ENTRIES PROVIDED START

(* Let $M\in\mathbb{C}^{d\times d}$ be upper Hessenberg, $w\in\mathbb{C}^d$, and ${\mathbf m}_d=\prod_{j=1}^{d-1}M_{j+1,j}$. Assume all eigenvalues $\lambda_1,\dots,\lambda_d$ of $M+we_d^T$ are simple, and let $f$ be analytic on an open set containing the eigenvalues of $M$ and of $M+we_d^T$. Let $\omega(z)=\prod_{i=1}^d(z-\lambda_i)$. Then $$f(M+we_d^T)e_1-f(M)e_1={\mathbf m}_d\sum_{i=1}^d\frac{1}{\omega'(\lambda_i)}f[M,\lambda_i]\,w,$$ and also $$f(M+we_d^T)e_1-f(M)e_1={\mathbf m}_d\,f[M,\lambda_1,\dots,\lambda_d]\,w.$$
   Context: $e_j$ is the $j$th identity column. $f[t,\lambda]=f'(t)$ if $t=\lambda$ and $\frac{f(t)-f(\lambda)}{t-\lambda}$ otherwise. $f[z,\lambda_1,\dots,\lambda_d]$ denotes the divided difference of $f$ of order $d+1$ (on the $d+1$ nodes $z,\lambda_1,\dots,\lambda_d$), extended by continuity/confluence when $z$ coincides with a node. For an analytic function $h$, $h(M)$ is the standard matrix function; in particular $f[M,\lambda_i]$ and $f[M,\lambda_1,\dots,\lambda_d]$ are the matrix functions of $M$ associated with $z\mapsto f[z,\lambda_i]$ and $z\mapsto f[z,\lambda_1,\dots,\lambda_d]$. *)

theory Defs
  imports "HOL-Complex_Analysis.Complex_Analysis" "Jordan_Normal_Form.Char_Poly"
begin

definition poly_mat :: "complex poly \<Rightarrow> complex mat \<Rightarrow> complex mat" where
  "poly_mat p M = mat (dim_row M) (dim_row M)
     (\<lambda>(i,j). \<Sum>k\<le>degree p. coeff p k * (M ^\<^sub>m k) $$ (i,j))"

text \<open>Standard matrix function h(M) (Hermite interpolation definition, cf. Higham Def. 1.4):
  h(M) = p(M) for any polynomial p interpolating h and its derivatives at each eigenvalue
  up to (algebraic) multiplicity.\<close>
definition mat_fun :: "(complex \<Rightarrow> complex) \<Rightarrow> complex mat \<Rightarrow> complex mat" where
  "mat_fun h M = (SOME A. \<exists>p. (\<forall>l. eigenvalue M l \<longrightarrow>
        (\<forall>j < order l (char_poly M). poly ((pderiv ^^ j) p) l = (deriv ^^ j) h l))
      \<and> A = poly_mat p M)"

fun divdiff :: "(complex \<Rightarrow> complex) \<Rightarrow> complex list \<Rightarrow> complex" where
  "divdiff f [] = 0"
| "divdiff f [x] = f x"
| "divdiff f (x # y # xs) = (divdiff f (x # xs) - divdiff f (y # xs)) / (x - y)"

definition divdiff_ext :: "(complex \<Rightarrow> complex) \<Rightarrow> complex list \<Rightarrow> complex \<Rightarrow> complex" where
  "divdiff_ext f ls z = (if z \<in> set ls then Lim (at z) (\<lambda>t. divdiff f (t # ls))
                         else divdiff f (z # ls))"

definition divdiff1 :: "(complex \<Rightarrow> complex) \<Rightarrow> complex \<Rightarrow> complex \<Rightarrow> complex" where
  "divdiff1 f l t = (if t = l then deriv f t else (f t - f l) / (t - l))"

definition upper_hessenberg :: "complex mat \<Rightarrow> bool" where
  "upper_hessenberg M \<longleftrightarrow> (\<forall>i < dim_row M. \<forall>j < dim_col M. j + 1 < i \<longrightarrow> M $$ (i,j) = 0)"

end

theory Submission
  imports Defs "Jordan_Normal_Form.Schur_Decomposition"
begin

text \<open>Let \<omega> be the characteristic polynomial of A = M + w e_d^T, whose roots are the simple
  eigenvalues \<lambda>_i. Interpolating f at the \<lambda>_i gives f = p + g \<omega>, where p is the Lagrange
  interpolant (degree < d) and g = f[\<cdot>, \<lambda>_1, ..., \<lambda>_d] = \<Sum>_i f[\<cdot>, \<lambda>_i] / \<omega>'(\<lambda>_i).
  Hence f(A) = p(A) and f(M) = p(M) + g(M) \<omega>(M). Since M is upper Hessenberg, the Krylov
  vectors A^k e_1 and M^k e_1 coincide for k < d, while A^d e_1 = M^d e_1 + m_d w. So
  p(A) e_1 = p(M) e_1, and Cayley--Hamilton for A gives 0 = \<omega>(A) e_1 = \<omega>(M) e_1 + m_d w;
  subtracting yields f(A) e_1 - f(M) e_1 = m_d g(M) w. Matrix functions are handled through
  their Hermite-interpolation definition, Cayley--Hamilton again providing well-definedness.\<close>

hide_const (open) Coset.order

section \<open>Polynomials of matrices and the Cayley--Hamilton theorem\<close>

lemma index_mult_mat_sum:
  assumes "A \<in> carrier_mat n n" "B \<in> carrier_mat n n" "i < n" "j < n"
  shows "(A * B) $$ (i,j) = (\<Sum>l<n. A $$ (i,l) * B $$ (l,j))"
  using assms by (auto simp: scalar_prod_def lessThan_atLeast0 intro!: sum.cong)

lemma index_mult_mat_vec_sum:
  assumes "A \<in> carrier_mat n n" "v \<in> carrier_vec n" "i < n"
  shows "(A *\<^sub>v v) $ i = (\<Sum>l<n. A $$ (i,l) * v $ l)"
  using assms by (auto simp: scalar_prod_def lessThan_atLeast0 intro!: sum.cong)

lemma index_mult_mat_unit_vec:
  fixes A :: "'a :: comm_ring_1 mat"
  assumes "A \<in> carrier_mat n n" "i < n" "j < n"
  shows "(A *\<^sub>v unit_vec n j) $ i = A $$ (i,j)"
  using assms by (simp add: index_mult_mat_vec_sum if_distrib cong: if_cong)

lemma mat_eq_0_if_mult_vec_eq_0:
  fixes A :: "'a :: comm_ring_1 mat"
  assumes A: "A \<in> carrier_mat n n" and zero: "\<And>v. v \<in> carrier_vec n \<Longrightarrow> A *\<^sub>v v = 0\<^sub>v n"
  shows "A = 0\<^sub>m n n"
proof (rule eq_matI)
  fix i j assume "i < dim_row (0\<^sub>m n n :: 'a mat)" "j < dim_col (0\<^sub>m n n :: 'a mat)"
  then have ij: "i < n" "j < n" by auto
  have "A $$ (i,j) = (A *\<^sub>v unit_vec n j) $ i" using index_mult_mat_unit_vec[OF A ij] by simp
  also have "\<dots> = 0" using zero[of "unit_vec n j"] ij by simp
  finally show "A $$ (i,j) = 0\<^sub>m n n $$ (i,j)" using ij by simp
qed (use A in auto)

lemma pow_mat_Suc_left:
  assumes "A \<in> carrier_mat n n"
  shows "A ^\<^sub>m Suc k = A * A ^\<^sub>m k"
proof (induction k)
  case (Suc k)
  have "A ^\<^sub>m Suc (Suc k) = (A * A ^\<^sub>m k) * A" using Suc by simp
  also have "\<dots> = A * (A ^\<^sub>m k * A)" using assms by (intro assoc_mult_mat[of _ n n _ n _ n]) auto
  finally show ?case by simp
qed (use assms in simp)

lemma pow_mat_Suc_mult_vec:
  assumes "A \<in> carrier_mat n n" "v \<in> carrier_vec n"
  shows "A ^\<^sub>m Suc k *\<^sub>v v = A *\<^sub>v (A ^\<^sub>m k *\<^sub>v v)"
  unfolding pow_mat_Suc_left[OF assms(1)] using assms by (simp add: assoc_mult_mat_vec[of _ n n _ n])

lemma poly_mat_dim [simp]: "dim_row (poly_mat p M) = dim_row M" "dim_col (poly_mat p M) = dim_row M"
  unfolding poly_mat_def by auto

lemma poly_mat_carrier [simp]: "M \<in> carrier_mat n n \<Longrightarrow> poly_mat p M \<in> carrier_mat n n"
  unfolding poly_mat_def by auto

lemma index_poly_mat:
  assumes "M \<in> carrier_mat n n" "i < n" "j < n" "degree p \<le> N"
  shows "poly_mat p M $$ (i,j) = (\<Sum>k\<le>N. coeff p k * (M ^\<^sub>m k) $$ (i,j))"
proof -
  have "(\<Sum>k\<le>degree p. coeff p k * (M ^\<^sub>m k) $$ (i,j)) = (\<Sum>k\<le>N. coeff p k * (M ^\<^sub>m k) $$ (i,j))"
    by (rule sum.mono_neutral_left) (use assms in \<open>auto simp: coeff_eq_0\<close>)
  then show ?thesis using assms unfolding poly_mat_def by simp
qed

lemma poly_mat_0: "M \<in> carrier_mat n n \<Longrightarrow> poly_mat 0 M = 0\<^sub>m n n"
  unfolding poly_mat_def by (rule eq_matI) auto

lemma poly_mat_1: "M \<in> carrier_mat n n \<Longrightarrow> poly_mat 1 M = 1\<^sub>m n"
  unfolding poly_mat_def by (rule eq_matI) auto

lemma poly_mat_add:
  assumes M: "M \<in> carrier_mat n n"
  shows "poly_mat (p + q) M = poly_mat p M + poly_mat q M"
proof (rule eq_matI)
  let ?N = "max (degree p) (degree q)"
  fix i j assume "i < dim_row (poly_mat p M + poly_mat q M)" "j < dim_col (poly_mat p M + poly_mat q M)"
  then have ij: "i < n" "j < n" using M by auto
  have "degree (p + q) \<le> ?N" by (rule degree_add_le) auto
  then show "poly_mat (p + q) M $$ (i, j) = (poly_mat p M + poly_mat q M) $$ (i, j)"
    using ij M by (simp add: index_poly_mat[OF M ij] index_poly_mat[OF M ij, of p ?N]
        index_poly_mat[OF M ij, of q ?N] sum.distrib algebra_simps)
qed (use M in auto)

ENTRIES PROVIDED END

Answer with one number only: how many lines in the listing include "zero".

• _SOLUTION_: 2